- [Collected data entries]

(* Let $(X,G)$ be an association scheme. Assume there exist $c,k,\ell\in\mathbb{N}$ and real numbers $0<\delta_1,\delta'_1,\delta'_2\leq 1$ with $1<\ell<(\delta_1^2/\delta'_1)\cdot k$ such that for all $g\in G$ with $g\neq 1$, \[\delta_1 k\leq n_g\leq \delta'_1 k \quad\text{and}\quad c(g)\leq \delta'_2 c.\] If $|G|\geq 2(\delta'_1/\delta_1)^3\delta'_2\cdot\frac{c}{\ell-1}+2$, then there exist relations $u,v,w,w'\in G\setminus\{1\}$ with $u\neq v$ and $w\neq w'$ such that $0<c^{w}_{u^{*}v}\leq c^{w'}_{u^{*}v}<\ell$.
   Context: An association scheme is a pair $(X,G)$ where $X$ is a finite set and $G$ is a partition of $X\times X$ such that (1) $G$ contains the identity relation $1:=\{(x,x)\mid x\in X\}$; (2) if $g\in G$ then $g^{*}:=\{(y,x)\mid (x,y)\in g\}\in G$; (3) for all $f,g,h\in G$ there is an integer $c^{h}_{fg}$ (intersection number) such that for all $(\alpha,\beta)\in h$, $c^{h}_{fg}=\#\{\gamma\in X\mid (\alpha,\gamma)\in f,\ (\gamma,\beta)\in g\}$. Elements of $G$ are called relations. For $g\in G$, its valency is $n_g:=c^{1}_{gg^{*}}$ and its indistinguishing number is $c(g):=\sum_{v\in G}c^{g}_{vv^{*}}$. *)

theory Defs
  imports Complex_Main
begin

- [Problem]
Could you retype every record above exactly as it appears?

- [Solution for this exercise]
(* Let $(X,G)$ be an association scheme. Assume there exist $c,k,\ell\in\mathbb{N}$ and real numbers $0<\delta_1,\delta'_1,\delta'_2\leq 1$ with $1<\ell<(\delta_1^2/\delta'_1)\cdot k$ such that for all $g\in G$ with $g\neq 1$, \[\delta_1 k\leq n_g\leq \delta'_1 k \quad\text{and}\quad c(g)\leq \delta'_2 c.\] If $|G|\geq 2(\delta'_1/\delta_1)^3\delta'_2\cdot\frac{c}{\ell-1}+2$, then there exist relations $u,v,w,w'\in G\setminus\{1\}$ with $u\neq v$ and $w\neq w'$ such that $0<c^{w}_{u^{*}v}\leq c^{w'}_{u^{*}v}<\ell$.
   Context: An association scheme is a pair $(X,G)$ where $X$ is a finite set and $G$ is a partition of $X\times X$ such that (1) $G$ contains the identity relation $1:=\{(x,x)\mid x\in X\}$; (2) if $g\in G$ then $g^{*}:=\{(y,x)\mid (x,y)\in g\}\in G$; (3) for all $f,g,h\in G$ there is an integer $c^{h}_{fg}$ (intersection number) such that for all $(\alpha,\beta)\in h$, $c^{h}_{fg}=\#\{\gamma\in X\mid (\alpha,\gamma)\in f,\ (\gamma,\beta)\in g\}$. Elements of $G$ are called relations. For $g\in G$, its valency is $n_g:=c^{1}_{gg^{*}}$ and its indistinguishing number is $c(g):=\sum_{v\in G}c^{g}_{vv^{*}}$. *)

theory Defs
  imports Complex_Main
begin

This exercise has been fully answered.